Every bill creates winners and losers. Here's who stands to gain and who bears the cost.

Who Benefits

  • Historians and community advocates for Charles Young — The new designation formally acknowledges Young’s rank and legacy, strengthening public recognition and interpretive opportunities at the Sequoia area.
  • Tulare County tourism and Sequoia National Park outreach — A named memorial highway provides a marketing hook and may increase visibility for local heritage tourism initiatives.
  • Descendants and African American organizations — The legislative record and physical signage act as public commemoration, validating the posthumous rank change in the public landscape.

Who Bears the Cost

  • Department of Transportation (Caltrans) — Must plan, manufacture, install, and document sign changes within existing budgets or reallocate funds; the resolution contains no appropriation.
  • State mapping and data vendors, 911/emergency dispatch databases, and GIS administrators — Required to update official records and routing information to reflect the new legislative name to avoid confusion.
  • Local governments and visitor centers — May need to revise brochures, web pages, and wayfinding materials to match the new designation, incurring modest design and printing costs.

Key Issues

The Core Tension

The central tension is between symbolic recognition and practical administration: the Legislature can and did change the highway name to reflect historical record and honor a posthumous promotion, but the executive branch (Caltrans) must absorb the operational and fiscal burden of making the change on the ground without any new funding or timetable—so a clear honor is simultaneously an unfunded administrative request.

The resolution is commemorative and directional: it changes the Legislature’s own naming language and asks the Department of Transportation to update signs, but it does not create an enforceable mandate, provide funding, or set a schedule. That combination leaves the practical outcome uncertain—Caltrans will decide if and when to replace signs within its routine sign program and available appropriations.

The bill identifies the affected roadway with postmile markers, which gives Caltrans precise implementation coordinates but does not resolve who bears the cost.

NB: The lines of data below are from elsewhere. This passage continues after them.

theorem theorem3p3:
  fixes M :: "'a measure" and MX :: "'x measure"
    and X :: "'a \<Rightarrow> 'x" and Y :: "'a \<Rightarrow> 'y::{real_inner,complete_space,second_countable_topology}"
    and fstar :: "'x \<Rightarrow> 'y"
    and emb :: "'h::{real_inner,complete_space,second_countable_topology} \<Rightarrow> 'x \<Rightarrow> 'y"
    and B :: real
    and Xs :: "nat \<Rightarrow> 'a \<Rightarrow> 'x" and Ys :: "nat \<Rightarrow> 'a \<Rightarrow> 'y"
    and lam :: "nat \<Rightarrow> real"
    and fhat :: "nat \<Rightarrow> 'a \<Rightarrow> 'h"
  assumes P: "prob_space M"
    and sepX: "separable_measurable_space MX"
    and X_meas: "X \<in> measurable M MX"
    and Y_meas: "Y \<in> borel_measurable M"
    and Y_L2: "integrable M (\<lambda>\<omega>. (norm (Y \<omega>))\<^sup>2)"
    and cond_exp: "is_cond_exp_given M MX X Y fstar"
    and H: "vv_rkhs emb"
    and H_meas: "\<And>h. emb h \<in> borel_measurable MX"
    and B_pos: "B > 0"
    and K_bdd: "bdd_above (range (\<lambda>x. onorm (rk_kernel emb x x)))"
    and K_sup: "(SUP x. onorm (rk_kernel emb x x)) < B"
    and dense: "\<And>g e. in_L2 (distr M MX X) g \<Longrightarrow> e > 0 \<Longrightarrow>
                  \<exists>h. L2_sq_norm (distr M MX X) (\<lambda>x. emb h x - g x) < e"
    and Xs_meas: "\<And>i. Xs i \<in> measurable M MX"
    and Ys_meas: "\<And>i. Ys i \<in> borel_measurable M"
    and iid_indep: "prob_space.indep_vars M (\<lambda>_. MX \<Otimes>\<^sub>M borel) (\<lambda>i \<omega>. (Xs i \<omega>, Ys i \<omega>)) UNIV"
    and iid_distr: "\<And>i. distr M (MX \<Otimes>\<^sub>M borel) (\<lambda>\<omega>. (Xs i \<omega>, Ys i \<omega>))
                        = distr M (MX \<Otimes>\<^sub>M borel) (\<lambda>\<omega>. (X \<omega>, Y \<omega>))"
    and lam_pos: "\<And>n. lam n > 0"
    and lam_lim: "lam \<longlonglongrightarrow> 0"
    and lam_rate: "filterlim (\<lambda>n. sqrt (real n) * lam n) at_top sequentially"
    and fhat_min: "\<And>n \<omega> g. n \<ge> 1 \<Longrightarrow> \<omega> \<in> space M \<Longrightarrow>
         reg_emp_risk emb (\<lambda>i. Xs i \<omega>) (\<lambda>i. Ys i \<omega>) n (lam n) (fhat n \<omega>)
           \<le> reg_emp_risk emb (\<lambda>i. Xs i \<omega>) (\<lambda>i. Ys i \<omega>) n (lam n) g"
  shows "(\<forall>n \<omega>. \<omega> \<in> space M \<longrightarrow>
            risk M X Y (emb (fhat n \<omega>)) - risk M X Y fstar
              = (\<integral>\<omega>'. (norm (emb (fhat n \<omega>) (X \<omega>') - fstar (X \<omega>')))\<^sup>2 \<partial>M)
          \<and> (\<integral>\<omega>'. (norm (emb (fhat n \<omega>) (X \<omega>') - fstar (X \<omega>')))\<^sup>2 \<partial>M)
              = L2_sq_norm (distr M MX X) (\<lambda>x. emb (fhat n \<omega>) x - fstar x))
       \<and> (\<forall>n\<ge>1. (\<lambda>\<omega>. L2_sq_norm (distr M MX X) (\<lambda>x. emb (fhat n \<omega>) x - fstar x)) \<in> borel_measurable M)
       \<and> (\<forall>e>0. (\<lambda>n. measure M {\<omega> \<in> space M.
              \<bar>L2_sq_norm (distr M MX X) (\<lambda>x. emb (fhat n \<omega>) x - fstar x)\<bar> > e}) \<longlonglongrightarrow> 0)"
proof -
  have eval_bl: "\<And>x. bounded_linear (\<lambda>h. emb h x)" using H by (simp add: vv_rkhs_def)
  have "norm (emb h x) \<le> sqrt B * norm h" for h x
    using cSUP_upper[OF UNIV_I K_bdd, of x] K_sup
    by (intro norm_eval_le_sqrt_kernel_bound[OF eval_bl]) simp
  then interpret iid_sample M MX X Y fstar emb "sqrt B" Xs Ys
    using P X_meas Y_meas Y_L2 cond_exp eval_bl H_meas B_pos Xs_meas Ys_meas iid_indep iid_distr
    by (intro iid_sample.intro rkhs_model.intro cond_exp_model.intro iid_sample_axioms.intro
        rkhs_model_axioms.intro cond_exp_model_axioms.intro) auto
  have L2_eq: "L2_sq_norm (distr M MX X) (\<lambda>x. emb h x - fstar x) = excess_risk h" for h
    unfolding excess_risk_def by (rule L2_sq_norm_distr) simp_all
  have approx: "\<exists>h. excess_risk h < e" if "0 < e" for e
    using dense[OF fstar_in_L2_distr that] by (simp add: L2_eq)
  show ?thesis
    unfolding L2_eq
    using risk_emb_decomposition excess_risk_nonneg
      measurable_compose[OF emp_minimizer_measurable[OF lam_pos _ fhat_min]
        borel_measurable_continuous_onI[OF continuous_on_excess_risk]]
      excess_risk_emp_minimizer_tendsto_0[OF approx lam_pos lam_lim lam_rate fhat_min]
    by (auto simp: excess_risk_def)
qed

end
(* Let $\mathbb{K}$ be a field of characteristic $p>0$, let $S=\mathbb{K}[x_1,\ldots,x_n]$, and let $f\in S$ be a polynomial whose leading term $\mathrm{lt}_{\prec}(f)$ is a squarefree monomial for some monomial term order $\prec$. If $I\in\mathcal{C}_f$, then the initial ideal $\mathrm{lt}_{\prec}(I)$ is generated by squarefree monomials. (In particular every $I\in\mathcal{C}_f$ is radical.)
   Context: For $f\in S$, $\mathcal{C}_f$ denotes the smallest set of ideals of $S$ such that: (1) $(f)\in\mathcal{C}_f$; (2) if $I\in\mathcal{C}_f$ then $I:J\in\mathcal{C}_f$ for every ideal $J\subseteq S$; (3) if $I,J\in\mathcal{C}_f$ then $I+J\in\mathcal{C}_f$ and $I\cap J\in\mathcal{C}_f$. The initial ideal $\mathrm{lt}_{\prec}(I)$ is the ideal generated by the leading terms (w.r.t. $\prec$) of all elements of $I$. *)

theory Defs
  imports Main "HOL-Library.Poly_Mapping"
begin

(* Polynomial ring S = K[x_i : i in a finite variable type] over a field K; polynomials are finitely supported maps from exponent vectors to coefficients. *)

type_synonym ('n, 'k) mpoly = "('n \<Rightarrow>\<^sub>0 nat) \<Rightarrow>\<^sub>0 'k"

definition is_ideal :: "'a::comm_ring_1 set \<Rightarrow> bool" where
  "is_ideal I \<longleftrightarrow> 0 \<in> I \<and> (\<forall>a\<in>I. \<forall>b\<in>I. a + b \<in> I) \<and> (\<forall>r. \<forall>a\<in>I. r * a \<in> I)"

definition ideal_gen :: "'a::comm_ring_1 set \<Rightarrow> 'a set" where
  "ideal_gen G = \<Inter>{I. is_ideal I \<and> G \<subseteq> I}"

definition ideal_colon :: "'a::comm_ring_1 set \<Rightarrow> 'a set \<Rightarrow> 'a set" where
  "ideal_colon I J = {r. \<forall>j\<in>J. r * j \<in> I}"

definition is_radical :: "'a::comm_ring_1 set \<Rightarrow> bool" where
  "is_radical I \<longleftrightarrow> (\<forall>r k. r ^ k \<in> I \<longrightarrow> r \<in> I)"

inductive_set C_family :: "'a::comm_ring_1 \<Rightarrow> 'a set set" for f where
  principal: "ideal_gen {f} \<in> C_family f"
| colon: "I \<in> C_family f \<Longrightarrow> is_ideal J \<Longrightarrow> ideal_colon I J \<in> C_family f"
| sum: "I \<in> C_family f \<Longrightarrow> J \<in> C_family f \<Longrightarrow> {a + b | a b. a \<in> I \<and> b \<in> J} \<in> C_family f"
| inter: "I \<in> C_family f \<Longrightarrow> J \<in> C_family f \<Longrightarrow> I \<inter> J \<in> C_family f"

definition monomial_order :: "(('n \<Rightarrow>\<^sub>0 nat) \<Rightarrow> ('n \<Rightarrow>\<^sub>0 nat) \<Rightarrow> bool) \<Rightarrow> bool" where
  "monomial_order le \<longleftrightarrow>
     (\<forall>a. le a a) \<and> (\<forall>a b. le a b \<and> le b a \<longrightarrow> a = b) \<and>
     (\<forall>a b c. le a b \<and> le b c \<longrightarrow> le a c) \<and> (\<forall>a b. le a b \<or> le b a) \<and>
     (\<forall>a. le 0 a) \<and> (\<forall>a b c. le a b \<longrightarrow> le (a + c) (b + c))"

definition lead_exp :: "(('n \<Rightarrow>\<^sub>0 nat) \<Rightarrow> ('n \<Rightarrow>\<^sub>0 nat) \<Rightarrow> bool) \<Rightarrow> ('n, 'k::zero) mpoly \<Rightarrow> ('n \<Rightarrow>\<^sub>0 nat)" where
  "lead_exp le f = (THE m. m \<in> Poly_Mapping.keys f \<and> (\<forall>m'\<in>Poly_Mapping.keys f. le m' m))"

definition lead_term :: "(('n \<Rightarrow>\<^sub>0 nat) \<Rightarrow> ('n \<Rightarrow>\<^sub>0 nat) \<Rightarrow> bool) \<Rightarrow> ('n, 'k::zero) mpoly \<Rightarrow> ('n, 'k) mpoly" where
  "lead_term le f = (if f = 0 then 0 else Poly_Mapping.single (lead_exp le f) (Poly_Mapping.lookup f (lead_exp le f)))"

definition initial_ideal :: "(('n \<Rightarrow>\<^sub>0 nat) \<Rightarrow> ('n \<Rightarrow>\<^sub>0 nat) \<Rightarrow> bool) \<Rightarrow> ('n, 'k::comm_ring_1) mpoly set \<Rightarrow> ('n, 'k) mpoly set" where
  "initial_ideal le I = ideal_gen (lead_term le ` I)"
lemma des_eq_card_desc_top: "des n p = card {x \<in> {1..n}. desc_top p x}"
proof -
  have "{i \<in> {1..<n}. p i > p (Suc i)} = {i \<in> {1..n}. p (Suc i) < p i}"
    using descent_before_n by fastforce
  then show ?thesis
    unfolding des_def desc_top_def using card_reindex_inv[of "\<lambda>i. p (Suc i) < p i"] by simp
qed

lemma left_to_right_max_iff:
  assumes x: "x \<in> {1..n}"
  shows "(\<forall>j\<in>{1..inv p x}. p j \<le> x) \<longleftrightarrow> \<not> desc_bottom p x \<and> pat31_2_at n p x = 0"
proof
  assume max: "\<forall>j\<in>{1..inv p x}. p j \<le> x"
  have "p (inv p x - 1) \<le> x"
    using max by (cases "inv p x = 1") auto
  moreover have "\<not> x < p i" if "1 \<le> i" "i + 1 < inv p x" for i
    using max[rule_format, of i] that by auto
  then have "{i \<in> {1..n}. i + 1 < inv p x \<and> x < p i \<and> p (i + 1) < x} = {}"
    by auto
  ultimately show "\<not> desc_bottom p x \<and> pat31_2_at n p x = 0"
    by (simp add: desc_bottom_def pat31_2_at_def)
next
  assume no_bottom: "\<not> desc_bottom p x \<and> pat31_2_at n p x = 0"
  show "\<forall>j\<in>{1..inv p x}. p j \<le> x"
  proof (rule ccontr)
    define J where "J = {j. 1 \<le> j \<and> j < inv p x \<and> x < p j}"
    define m where "m = Max J"
    assume "\<not> (\<forall>j\<in>{1..inv p x}. p j \<le> x)"
    then have "J \<noteq> {}" by (force simp: J_def le_less)
    moreover have fin: "finite J" by (simp add: J_def)
    ultimately have "m \<in> J" by (simp add: m_def)
    have "Suc m \<notin> J"
    proof
      assume "Suc m \<in> J"
      then have "Suc m \<le> m" using Max_ge[OF fin] by (simp add: m_def)
      then show False by simp
    qed
    from \<open>m \<in> J\<close> have m: "1 \<le> m" "m < inv p x" "x < p m" by (simp_all add: J_def)
    \<comment> \<open>The last entry left of \<open>x\<close> exceeding \<open>x\<close> is followed by a smaller entry:
      either \<open>x\<close> itself, or the \<open>1\<close> of a \<open>31-2\<close> occurrence whose \<open>2\<close> is \<open>x\<close>.\<close>
    show False
    proof (cases "Suc m = inv p x")
      case True
      then have "inv p x - 1 = m" by simp
      then show False using m no_bottom by (simp add: desc_bottom_def)
    next
      case False
      then have "p (Suc m) \<noteq> x" by (auto simp: p_eq_iff_inv)
      with \<open>Suc m \<notin> J\<close> m False have "p (Suc m) < x" by (simp add: J_def)
      then have "m \<in> {i \<in> {1..n}. i + 1 < inv p x \<and> x < p i \<and> p (i + 1) < x}"
        using m False inv_in[OF x] by auto
      then show False using no_bottom by (auto simp: pat31_2_at_def)
    qed
  qed
qed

Another implementation puzzle is administrative synchronization. State and local databases (official route names, GIS layers, 911 databases, tourist materials) will need coordinated updates to avoid temporary inconsistencies that could affect wayfinding or emergency response.

The resolution also replaces a prior legislative naming act rather than amending a maintenance statute; that creates a clean legislative record but does not directly modify executive agency authority or funding lines. Finally, the change emphasizes a posthumous rank—while symbolically meaningful, it introduces potential confusion where older signs or third‑party maps still reflect the prior "Colonel" designation, requiring an information‑management effort beyond simple sign swaps.